我正在尝试从大约 400mb 的 csv 文件中提取一些数据并将其保存到数据库中以供本地查询。这是免费提供的 ip2location lite 数据库,我尝试将其导入的数据库是嵌入式 nedb .
require('dotenv').load()
const fs = require('fs')
const csv = require('csv-parse')
const es = require('event-stream')
const Datastore = require('nedb')
const BatchStream = require('batch-stream')
const db = new Datastore({ filename: process.env.DB_PATH, autoload: true })
const debug = require('debug')('setup')
function massage ([ipLo, ipHi, cc, country, area, city, lat, lng]) {
return { ipLo, ipHi, cc, country, area, city, lat, lng }
}
function setup () {
let qty = 0
return new Promise((resolve, reject) => {
fs.createReadStream(process.env.IP2LOCATION_PATH)
// read and parse csv
.pipe(csv())
// batch it up
.pipe(new BatchStream({ size: 100 }))
// write it into the database
.pipe(es.map((batch, cb) => {
// massage and persist it
db.insert(batch.map(massage), _ => {
qty += batch.length
if (qty % 100 === 0)
debug(`Inserted ${qty} documents…`)
cb.apply(this, arguments)
})
}))
.on('end', resolve)
.on('error', reject)
})
}
module.exports = setup
if (!module.parent) {
debug('Setting up geo database…')
setup()
.then(_ => debug('done!'))
.catch(err => debug('there was an error :/', err))
}
大约 75000 个条目后,我收到以下错误:
<--- Last few GCs --->
80091 ms: Mark-sweep 1372.0 (1435.0) -> 1371.7 (1435.0) MB, 1174.6 / 0 ms (+ 1.4 ms in 1 steps since start of marking, biggest step 1.4 ms) [allocation failure] [GC in old space requested].
81108 ms: Mark-sweep 1371.7 (1435.0) -> 1371.6 (1435.0) MB, 1017.2 / 0 ms [last resort gc].
82158 ms: Mark-sweep 1371.6 (1435.0) -> 1371.6 (1435.0) MB, 1049.9 / 0 ms [last resort gc].
<--- JS stacktrace --->
==== JS stack trace =========================================
Security context: 0x4e36fec9e31 <JS Object>
1: substr [native string.js:~320] [pc=0xdab4e7f1185] (this=0x35500e175a29 <Very long string[65537]>,Q=50,am=65487)

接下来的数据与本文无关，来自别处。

lemma sum_power4_le_weighted:
  fixes g a :: "'a \<Rightarrow> real"
  assumes a: "\<And>j. j \<in> J \<Longrightarrow> a j > 0"
  shows "(\<Sum>j\<in>J. g j) ^ 4 \<le> (\<Sum>j\<in>J. a j) ^ 3 * (\<Sum>j\<in>J. (g j) ^ 4 / (a j) ^ 3)"
proof -
  define A where "A = (\<Sum>j\<in>J. a j)"
  have "(\<Sum>j\<in>J. (g j)\<^sup>2 / a j)\<^sup>2 \<le> A * (\<Sum>j\<in>J. ((g j)\<^sup>2 / a j)\<^sup>2 / a j)"
    unfolding A_def using a by (rule sum_squared_le_weighted)
  also have "(\<Sum>j\<in>J. ((g j)\<^sup>2 / a j)\<^sup>2 / a j) = (\<Sum>j\<in>J. (g j) ^ 4 / (a j) ^ 3)"
    by (simp add: power_divide eval_nat_numeral mult_ac)
  finally have inner: "(\<Sum>j\<in>J. (g j)\<^sup>2 / a j)\<^sup>2 \<le> A * (\<Sum>j\<in>J. (g j) ^ 4 / (a j) ^ 3)" .
  have "(\<Sum>j\<in>J. g j) ^ 4 = ((\<Sum>j\<in>J. g j)\<^sup>2)\<^sup>2"
    by simp
  also have "\<dots> \<le> (A * (\<Sum>j\<in>J. (g j)\<^sup>2 / a j))\<^sup>2"
    unfolding A_def using a by (intro power_mono sum_squared_le_weighted) auto
  also have "\<dots> = A\<^sup>2 * (\<Sum>j\<in>J. (g j)\<^sup>2 / a j)\<^sup>2"
    by (simp add: power_mult_distrib)
  also have "\<dots> \<le> A\<^sup>2 * (A * (\<Sum>j\<in>J. (g j) ^ 4 / (a j) ^ 3))"
    using inner by (simp add: mult_left_mono)
  finally show ?thesis
    unfolding A_def by (simp add: power2_eq_square power3_eq_cube mult.assoc)
qed

(* Minkowski's inequality in L^4. *)
lemma integral_sum_power4_le:
  fixes g :: "'a \<Rightarrow> real \<Rightarrow> real"
  assumes "finite J" and b: "\<And>j. j \<in> J \<Longrightarrow> b j > 0"
    and int: "\<And>j. j \<in> J \<Longrightarrow> (\<lambda>x. (g j x) ^ 4) integrable_on S"
    and int_sum: "(\<lambda>x. (\<Sum>j\<in>J. g j x) ^ 4) integrable_on S"
    and bound: "\<And>j. j \<in> J \<Longrightarrow> integral S (\<lambda>x. (g j x) ^ 4) \<le> b j ^ 4"
  shows "integral S (\<lambda>x. (\<Sum>j\<in>J. g j x) ^ 4) \<le> (\<Sum>j\<in>J. b j) ^ 4"
proof -
  have int_weighted: "(\<lambda>x. (g j x) ^ 4 / b j ^ 3) integrable_on S" if "j \<in> J" for j
    using int[OF that] by (rule integrable_on_divide)
  have "integral S (\<lambda>x. (\<Sum>j\<in>J. g j x) ^ 4)
      \<le> integral S (\<lambda>x. (\<Sum>j\<in>J. b j) ^ 3 * (\<Sum>j\<in>J. (g j x) ^ 4 / b j ^ 3))"
    using assms(1) b int_weighted
    by (intro integral_le int_sum integrable_on_mult_right integrable_sum sum_power4_le_weighted) auto
  also have "\<dots> = (\<Sum>j\<in>J. b j) ^ 3 * (\<Sum>j\<in>J. integral S (\<lambda>x. (g j x) ^ 4) / b j ^ 3)"
    using assms(1) int_weighted by (simp add: integral_sum integrable_sum)
  also have "\<dots> \<le> (\<Sum>j\<in>J. b j) ^ 3 * (\<Sum>j\<in>J. b j ^ 4 / b j ^ 3)"
    using b bound by (intro mult_left_mono sum_mono divide_right_mono zero_le_power sum_nonneg)
      (auto intro: less_imp_le)
  also have "\<dots> = (\<Sum>j\<in>J. b j) ^ 3 * (\<Sum>j\<in>J. b j)"
  proof (intro arg_cong2[where f = "(*)"] sum.cong refl)
    fix j assume "j \<in> J"
    with b[OF this] power_diff[of "b j" 3 4] show "b j ^ 4 / b j ^ 3 = b j" by simp
  qed
  finally show ?thesis
    by (simp add: power4_eq_xxxx power3_eq_cube mult.assoc)
qed

lemma sum_over_dyadic_blocks:
  "(\<Sum>k\<in>{1..N}. f k) = (\<Sum>j<N. \<Sum>k\<in>{k \<in> {1..N}. floor_log k = j}. f k)"
proof -
  have "floor_log k < N" if "k \<in> {1..N}" for k
  proof -
    have "floor_log k < 2 ^ floor_log k"
      by (rule less_exp)
    also have "\<dots> \<le> k"
      using that by (intro floor_log_exp2_le) auto
    finally show ?thesis
      using that by simp
  qed
  then show ?thesis
    by (intro sum.group[symmetric]) auto
qed

lemma card_dyadic_block_le: "card {k \<in> {1..N}. floor_log k = j} \<le> 2 ^ j"
proof -
  have "{k \<in> {1..N}. floor_log k = j} \<subseteq> {2 ^ j..<2 * 2 ^ j}"
    using floor_log_exp2_le floor_log_exp2_gt by auto
  from card_mono[OF _ this] show ?thesis
    by simp
qed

2: __write [/Users/arnold/Develop/mount-meru/node_modules/csv-parse/lib/index.js:304] [pc=0xdab4e7b8f98] (this=0x350ff4f97991 <JS Object>,chars=0x35500e175a29 <Very long string[65537]>,end=0x4e36fe04299 <false>,callback=0x4e36fe04189 <undefined>)
3: arguments adaptor fra...
FATAL ERROR: CALL_AND_RETRY_LAST Allocation failed - JavaScript heap out of memory
1: node::Abort() [/usr/local/Cellar/node/6.3.1/bin/node]
2: node::FatalException(v8::Isolate*, v8::Local<v8::Value>, v8::Local<v8::Message>) [/usr/local/Cellar/node/6.3.1/bin/node]
3: v8::Utils::ReportApiFailure(char const*, char const*) [/usr/local/Cellar/node/6.3.1/bin/node]
4: v8::internal::V8::FatalProcessOutOfMemory(char const*, bool) [/usr/local/Cellar/node/6.3.1/bin/node]
5: v8::internal::Factory::NewByteArray(int, v8::internal::PretenureFlag) [/usr/local/Cellar/node/6.3.1/bin/node]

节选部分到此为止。